Indulge me for a moment. Let's play imagine. It can be enlightening to imagine. Let's imagine that there was an overarching authority, with an objective purpose for the existence of each and every one of us.

Let's also imagine that the objective purpose was something you strongly disagreed with.

Would this be a better state of affairs, from your perspective, than having no objective purpose at all?

...
This is a useful exercise but I would change
“Let's also imagine that the objective purpose was something you strongly disagreed with. ”
to
“Imagine the objective purpose was something that strongly inconvenienced you.” It’s not about having the correct beliefs or facts in your head. It’s about becoming/embodiment. This might seem nit-picky but it’s an important distinction.
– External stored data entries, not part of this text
lemma subdiff_Mset_imp_dual_solution:
  assumes sub: "\<mu> \<in> subdiff norm (Lstar \<nu> c)"
    and M: "(1 / norm (Lstar \<nu> c)) *\<^sub>R \<mu> \<in> Mset \<nu> y" and nz: "Lstar \<nu> c \<noteq> 0"
  shows "dual_solution \<nu> y c"
proof -
  define n where "n = norm (Lstar \<nu> c)"
  have n: "n > 0" using nz by (simp add: n_def)
  have \<mu>_c: "blinfun_apply \<mu> (Lstar \<nu> c) = n" and \<mu>_le: "\<And>z. blinfun_apply \<mu> z \<le> norm z"
    using sub by (simp_all add: subdiff_norm_iff n_def)
  have \<mu>_Lstar: "blinfun_apply \<mu> (Lstar \<nu> d) = n * (d \<bullet> y)" for d
    using Mset_apply_Lstar[OF M, of d] n by (simp add: scaleR_blinfun.rep_eq n_def field_simps)
  have "c \<bullet> y = 1" using \<mu>_Lstar[of c] \<mu>_c n by simp
  moreover have "n \<le> norm (Lstar \<nu> d)" if "d \<bullet> y = 1" for d
    using \<mu>_Lstar[of d] \<mu>_le[of "Lstar \<nu> d"] that by simp
  ultimately show ?thesis by (simp add: dual_solution_iff_minimal n_def)
qed

theorem mainTheorem10:
  fixes \<nu> :: "'m::finite \<Rightarrow> 'p::real_normed_vector"
    and y c :: "real^'m"
  assumes "lin_indep_family \<nu>"
    and "y \<noteq> 0"
    and "c \<noteq> 0"
  shows "dual_solution \<nu> y c \<longleftrightarrow>
    ((\<lambda>f. (1 / norm (Lstar \<nu> c)) *\<^sub>R f) ` subdiff norm (Lstar \<nu> c)) \<inter> Mset \<nu> y \<noteq> {}"
proof -
  have nz: "Lstar \<nu> c \<noteq> 0" using Lstar_eq_0_iff assms(1,3) by blast
  show ?thesis
  proof
    assume "dual_solution \<nu> y c"
    then obtain \<mu> where "\<mu> \<in> subdiff norm (Lstar \<nu> c)" "(1 / norm (Lstar \<nu> c)) *\<^sub>R \<mu> \<in> Mset \<nu> y"
      using dual_solution_imp_subdiff_Mset[OF _ nz] by blast
    then show "(\<lambda>f. (1 / norm (Lstar \<nu> c)) *\<^sub>R f) ` subdiff norm (Lstar \<nu> c) \<inter> Mset \<nu> y \<noteq> {}"
      by blast
  next
    assume "(\<lambda>f. (1 / norm (Lstar \<nu> c)) *\<^sub>R f) ` subdiff norm (Lstar \<nu> c) \<inter> Mset \<nu> y \<noteq> {}"
    then obtain \<mu> where "\<mu> \<in> subdiff norm (Lstar \<nu> c)" "(1 / norm (Lstar \<nu> c)) *\<^sub>R \<mu> \<in> Mset \<nu> y"
      by blast
    then show "dual_solution \<nu> y c" using subdiff_Mset_imp_dual_solution nz by blast
  qed
qed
At the heart of this is the question ‘Is life redemptive?’ Is there a possible payoff if we take on responsibility for resolving our suffering (whatever bothers us). This is something that we have to intuit, rather than intellectualize over, and we won’t even be allowed to contemplate it unless we “rebel” by becoming aware of and consciously refusing our ‘imprisonment’ from the part of us that promises to protect us from danger. The part of us that decides for us that life is purposeless, or similarly, that we have reached salvation, strengthening the default narrative that there is nothing (or nothing more) to be saved from.

The deepest level of reality is the level of order and chaos. To live our best lives, we should operate at this level, and take responsibility for thinking about the questions ‘Are chaos and order equally valid?’, and ‘Is it possible to transform chaos into order?’ This question and the previous question (is life redemptive) are the same.